I think I had been listening to Bob Dylan’s, “Mama, You Been on My Mind” and decided to address ‘Mama’ in the opening lines. But I don’t know who ‘Mama’ is, or where I’m going, or why I’m bothering to return by winter’s end. What happens next is more or less undecipherable. I use the word hubris at one point, though I’m not entirely sure what it means. I allude to big issues like capitalism and consumerism when at some point, Christmas happens, and the mood turns festive.

The poem ends: “The careful man with the elevator shoes Knows nothing of the sort He’s blue-green, sea bream Ancient desperate hollow And by tomorrow I’m afraid, I’ll be completely homeless.”

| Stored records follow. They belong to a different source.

(* Let $\mathcal{JS}=(\mathcal F,\mathcal F_d,R,\mathcal B)$ be a justification system. For every locally complete graph-like (respectively tree-like) justification $J$ and every internal node $n$ of $J$ with label $x=\ell(n)\in\mathcal F_d$, there exists a connected, locally complete graph-like (respectively tree-like) justification $J'$ with a node $n'$ labelled $x$ from which every node of $J'$ is reachable (so $x$ is a root of $J'$), such that $\mathrm{val}(J,n,\mathcal I)\le_t \mathrm{val}(J',n',\mathcal I)$ for all interpretations $\mathcal I$.
   Context: Let $\mathcal F$ be a set (the fact space) containing $\mathcal L=\{\mathbf t,\mathbf f,\mathbf u\}$, equipped with an involution $\sim:\mathcal F\to\mathcal F$ with $\sim\mathbf t=\mathbf f$, $\sim\mathbf u=\mathbf u$ and $\sim x\neq x$ for all $x\neq\mathbf u$; for $A\subseteq\mathcal F$ put $\sim A=\{\sim a:a\in A\}$. On $\mathcal L$ the truth order is $\mathbf f<_t\mathbf u<_t\mathbf t$; $\bigwedge$ and $\bigvee$ denote greatest lower and least upper bounds in $(\mathcal L,\le_t)$ (so $\bigvee\emptyset=\mathbf f$, $\bigwedge\emptyset=\mathbf t$); $\sim$ reverses $\le_t$ on $\mathcal L$. A justification frame is $\mathcal{JF}=(\mathcal F,\mathcal F_d,R)$ where $\mathcal F_d\subseteq\mathcal F$ (defined facts) satisfies $\sim\mathcal F_d=\mathcal F_d$ and $\mathcal F_d\cap\mathcal L=\emptyset$, and $R\subseteq\mathcal F_d\times 2^{\mathcal F}$ is a set of rules, written $x\gets A$, such that no rule has empty body and every $x\in\mathcal F_d$ is the head of at least one rule. $\mathcal F_o=\mathcal F\setminus\mathcal F_d$ are the open facts. A justification in $\mathcal{JF}$ is a directed graph $(N,E)$ with a labelling $\ell:N\to\mathcal F$ such that every internal node $n$ (node with at least one outgoing edge) satisfies $\ell(n)\in\mathcal F_d$ and $\ell(n)\gets\{\ell(m):(n,m)\in E\}\in R$; nodes without outgoing edges are leaves. It is graph-like if $\ell$ is injective, and tree-like if its underlying undirected graph is acyclic. It is locally complete if no leaf is labelled by a defined fact, connected if its underlying undirected graph is connected, and $x$ is a root of it if some node $n$ with $\ell(n)=x$ reaches every node. A $\mathcal{JF}$-branch is either an infinite sequence $x_0\to x_1\to\cdots$ of defined facts or a finite sequence $x_0\to\cdots\to x_k$ ($k\ge1$) with $x_0,\dots,x_{k-1}\in\mathcal F_d$ and $x_k\in\mathcal F_o$. For a node $n$ of a locally complete justification $J$, $B_J(n)$ is the set of label sequences of maximal paths of $J$ starting at $n$ (infinite, or ending in a leaf). A branch evaluation $\mathcal B$ assigns to each $\mathcal{JF}$-branch an element of $\mathcal F$. A justification system is $\mathcal{JS}=(\mathcal F,\mathcal F_d,R,\mathcal B)$. An interpretation is a map $\mathcal I:\mathcal F\to\mathcal L$ with $\mathcal I(\sim x)=\sim\mathcal I(x)$ for all $x$ and $\mathcal I(l)=l$ for $l\in\mathcal L$. The value of a node $n$ of a locally complete justification $J$ is $\mathrm{val}(J,n,\mathcal I)=\bigwedge_{b\in B_J(n)}\mathcal I(\mathcal B(b))$. *)

theory Defs
  imports Main
begin

datatype tv = FF | UU | TT

fun tv_rank :: "tv \<Rightarrow> nat" where
  "tv_rank FF = 0" | "tv_rank UU = 1" | "tv_rank TT = 2"

definition le_t :: "tv \<Rightarrow> tv \<Rightarrow> bool" where
  "le_t a b \<longleftrightarrow> tv_rank a \<le> tv_rank b"

fun neg_tv :: "tv \<Rightarrow> tv" where
  "neg_tv TT = FF" | "neg_tv FF = TT" | "neg_tv UU = UU"

definition glb_t :: "tv set \<Rightarrow> tv" where
  "glb_t S = (if FF \<in> S then FF else if UU \<in> S then UU else TT)"

text \<open>The fact space is the universe of the type 'f; tt, ff, uu are the three
  logical facts (t, f, u); neg is the involution \<sim>; Fd the defined facts;
  R the rules (head, body).\<close>
definition jframe ::
  "('f \<Rightarrow> 'f) \<Rightarrow> 'f \<Rightarrow> 'f \<Rightarrow> 'f \<Rightarrow> 'f set \<Rightarrow> ('f \<times> 'f set) set \<Rightarrow> bool" where
  "jframe neg tt ff uu Fd R \<longleftrightarrow>
     (\<forall>x. neg (neg x) = x) \<and> neg tt = ff \<and> neg uu = uu \<and>
     (\<forall>x. x \<noteq> uu \<longrightarrow> neg x \<noteq> x) \<and>
     neg ` Fd = Fd \<and> Fd \<inter> {tt, ff, uu} = {} \<and>
     (\<forall>x A. (x, A) \<in> R \<longrightarrow> x \<in> Fd \<and> A \<noteq> {}) \<and>
     (\<forall>x\<in>Fd. \<exists>A. (x, A) \<in> R)"

definition internal :: "('n \<times> 'n) set \<Rightarrow> 'n \<Rightarrow> bool" where
  "internal E n \<longleftrightarrow> (\<exists>m. (n, m) \<in> E)"

definition is_justification ::
  "'f set \<Rightarrow> ('f \<times> 'f set) set \<Rightarrow> 'n set \<Rightarrow> ('n \<times> 'n) set \<Rightarrow> ('n \<Rightarrow> 'f) \<Rightarrow> bool" where
  "is_justification Fd R N E lab \<longleftrightarrow>
     E \<subseteq> N \<times> N \<and>
     (\<forall>n\<in>N. internal E n \<longrightarrow>
        lab n \<in> Fd \<and> (lab n, {lab m | m. (n, m) \<in> E}) \<in> R)"

definition graph_like :: "'n set \<Rightarrow> ('n \<Rightarrow> 'f) \<Rightarrow> bool" where
  "graph_like N lab \<longleftrightarrow> inj_on lab N"

definition uadj :: "('n \<times> 'n) set \<Rightarrow> 'n \<Rightarrow> 'n \<Rightarrow> bool" where
  "uadj E a b \<longleftrightarrow> (a, b) \<in> E \<or> (b, a) \<in> E"

text \<open>The underlying undirected (multi)graph is acyclic: no self loops, no
  pair of antiparallel edges (a cycle of length 2), and no cycle through
  k \<ge> 3 distinct nodes.\<close>
definition tree_like :: "'n set \<Rightarrow> ('n \<times> 'n) set \<Rightarrow> bool" where
  "tree_like N E \<longleftrightarrow>
     (\<forall>a. (a, a) \<notin> E) \<and>
     (\<forall>a b. (a, b) \<in> E \<longrightarrow> (b, a) \<notin> E) \<and>
     \<not> (\<exists>vs. 3 \<le> length vs \<and> distinct vs \<and> set vs \<subseteq> N \<and>
            (\<forall>i < length vs. uadj E (vs ! i) (vs ! ((i + 1) mod length vs))))"

definition locally_complete ::
  "'f set \<Rightarrow> 'n set \<Rightarrow> ('n \<times> 'n) set \<Rightarrow> ('n \<Rightarrow> 'f) \<Rightarrow> bool" where
  "locally_complete Fd N E lab \<longleftrightarrow> (\<forall>n\<in>N. \<not> internal E n \<longrightarrow> lab n \<notin> Fd)"

definition connected_just :: "'n set \<Rightarrow> ('n \<times> 'n) set \<Rightarrow> bool" where
  "connected_just N E \<longleftrightarrow> (\<forall>a\<in>N. \<forall>b\<in>N. (a, b) \<in> (E \<union> E\<inverse>)\<^sup>*)"

definition is_root_node :: "'n set \<Rightarrow> ('n \<times> 'n) set \<Rightarrow> 'n \<Rightarrow> bool" where
  "is_root_node N E n \<longleftrightarrow> n \<in> N \<and> (\<forall>m\<in>N. (n, m) \<in> E\<^sup>*)"

datatype 'f branch = FinBr "'f list" | InfBr "nat \<Rightarrow> 'f"

definition branches_from ::
  "('n \<times> 'n) set \<Rightarrow> ('n \<Rightarrow> 'f) \<Rightarrow> 'n \<Rightarrow> 'f branch set" where
  "branches_from E lab n =
     {FinBr (map lab ns) | ns. ns \<noteq> [] \<and> hd ns = n \<and>
        (\<forall>i. Suc i < length ns \<longrightarrow> (ns ! i, ns ! Suc i) \<in> E) \<and>
        \<not> internal E (last ns)}
     \<union> {InfBr (lab \<circ> p) | p. p 0 = n \<and> (\<forall>i. (p i, p (Suc i)) \<in> E)}"

definition is_interp ::
  "('f \<Rightarrow> 'f) \<Rightarrow> 'f \<Rightarrow> 'f \<Rightarrow> 'f \<Rightarrow> ('f \<Rightarrow> tv) \<Rightarrow> bool" where
  "is_interp neg tt ff uu I \<longleftrightarrow>
     (\<forall>x. I (neg x) = neg_tv (I x)) \<and> I tt = TT \<and> I ff = FF \<and> I uu = UU"

text \<open>val(J, n, I) = glb of I(B(b)) over b in B_J(n); Bev is the branch evaluation.\<close>
definition val ::
  "('f branch \<Rightarrow> 'f) \<Rightarrow> ('n \<times> 'n) set \<Rightarrow> ('n \<Rightarrow> 'f) \<Rightarrow> 'n \<Rightarrow> ('f \<Rightarrow> tv) \<Rightarrow> tv" where
  "val Bev E lab n I = glb_t ((\<lambda>b. I (Bev b)) ` branches_from E lab n)"

end

theory Submission
  imports Defs
begin

text \<open>Restrict J to the nodes reachable from n, keeping all edges leaving them. Every internal
  node keeps all its children, so this is again a (locally complete) justification with root n;
  being graph-like or tree-like passes to subgraphs; and a maximal path from n never leaves the
  reachable part, so B_J(n), and hence the value of n, is unchanged.\<close>

definition reachable_edges :: "('n \<times> 'n) set \<Rightarrow> 'n \<Rightarrow> ('n \<times> 'n) set" where
  "reachable_edges E n = {(a, b) \<in> E. (n, a) \<in> E\<^sup>*}"

lemma reachable_edges_subset: "reachable_edges E n \<subseteq> E"
  by (auto simp: reachable_edges_def)

lemma reachable_edges_iff:
  "(n, a) \<in> E\<^sup>* \<Longrightarrow> (a, b) \<in> reachable_edges E n \<longleftrightarrow> (a, b) \<in> E"
  by (simp add: reachable_edges_def)

lemma internal_reachable_edges_iff:
  "(n, a) \<in> E\<^sup>* \<Longrightarrow> internal (reachable_edges E n) a \<longleftrightarrow> internal E a"
  by (simp add: internal_def reachable_edges_iff)

lemma rtrancl_reachable_edges_iff:
  "(n, m) \<in> (reachable_edges E n)\<^sup>* \<longleftrightarrow> (n, m) \<in> E\<^sup>*"
proof
  show "(n, m) \<in> (reachable_edges E n)\<^sup>* \<Longrightarrow> (n, m) \<in> E\<^sup>*"
    by (rule subsetD[OF rtrancl_mono[OF reachable_edges_subset]])
  show "(n, m) \<in> (reachable_edges E n)\<^sup>*" if "(n, m) \<in> E\<^sup>*"
    using that
  proof (induction rule: rtrancl_induct)
    case base
    show ?case by simp
  next
    case (step y z)
    then have "(y, z) \<in> reachable_edges E n" by (simp add: reachable_edges_iff)
    with step.IH show ?case by (rule rtrancl_into_rtrancl)
  qed
qed

lemma path_nodes_in_rtrancl:
  assumes "ns \<noteq> []" "hd ns = n" "\<forall>i. Suc i < length ns \<longrightarrow> (ns ! i, ns ! Suc i) \<in> E"
    and "i < length ns"
  shows "(n, ns ! i) \<in> E\<^sup>*"
  using assms(4)
proof (induction i)
  case 0
  then show ?case using assms(1,2) by (simp add: hd_conv_nth)
next
  case (Suc i)
  then show ?case using assms(3) by (meson Suc_lessD rtrancl_into_rtrancl)
qed

lemma chain_nodes_in_rtrancl:
  assumes "p 0 = n" "\<forall>i. (p i, p (Suc i)) \<in> E"
  shows "(n, p i) \<in> E\<^sup>*"
proof (induction i)
  case 0
  then show ?case using assms(1) by simp
next
  case (Suc i)
  then show ?case using assms(2) by (meson rtrancl_into_rtrancl)
qed

lemma path_in_reachable_edges_iff:
  assumes "ns \<noteq> []" "hd ns = n"
  shows "(\<forall>i. Suc i < length ns \<longrightarrow> (ns ! i, ns ! Suc i) \<in> reachable_edges E n)
     \<longleftrightarrow> (\<forall>i. Suc i < length ns \<longrightarrow> (ns ! i, ns ! Suc i) \<in> E)"
proof (intro iffI allI impI)
  fix i assume "\<forall>i. Suc i < length ns \<longrightarrow> (ns ! i, ns ! Suc i) \<in> E" "Suc i < length ns"
  moreover from this have "(n, ns ! i) \<in> E\<^sup>*"
    using path_nodes_in_rtrancl[OF assms] by simp
  ultimately show "(ns ! i, ns ! Suc i) \<in> reachable_edges E n"
    by (simp add: reachable_edges_iff)
qed (simp add: reachable_edges_def)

These lines certainly resemble poetry. They attempt, superficially, to poke at the same emotions as real poetry. But the only thing qualifying these lines as poetry is the group that chose to publish them. Sure, the editing process at The Blank Page likely isn’t as scrupulous as The New York Times, but someone (or some people) read this poem and decided it was art; ergo, I became an artist/ poet. After my poem was published, it was hard to resist indulging in the luxuries that, in my mind, accompany a moniker as fancy as “poet”. I spent money like an aristocrat, donned a fur coat, carried a tobacco pipe, advocated passionately for world peace, and argued with my contemporaries over Twain’s use of the Oxford Comma–the whole gamut. That aside, there is one aspect of this case study I find particularly disturbing. I can’t help but feel a poem like this would be capable of penetrating the precincts of a high school literature course. Surely, you could write a few thousand words on the images and themes the author depicts in this poem. What does it mean to be completely homeless? What point do you think the author is making about unfettered North American capitalism? How is the author’s rather pessimistic tone similar to George Orwell’s in 1984? I recognize this case study is likely incapable of accepting or refuting Adcock’s theory. But it does shed light on an artistic phenomenon largely ignored in the classroom: the utterly unintellectual notion that an artist’s motives might be totally arbitrary. In fact, there’s something particularly satisfying about having your peers quibble over the meaning of a poem, a bad poem, that was intended to be meaningless. I reckon some of our favourite artists, poets, and musicians must, at times, feel the same way. Perhaps, like beauty, art is in the eye of the beholder, and it is through our appreciation of creative works that art comes to exist.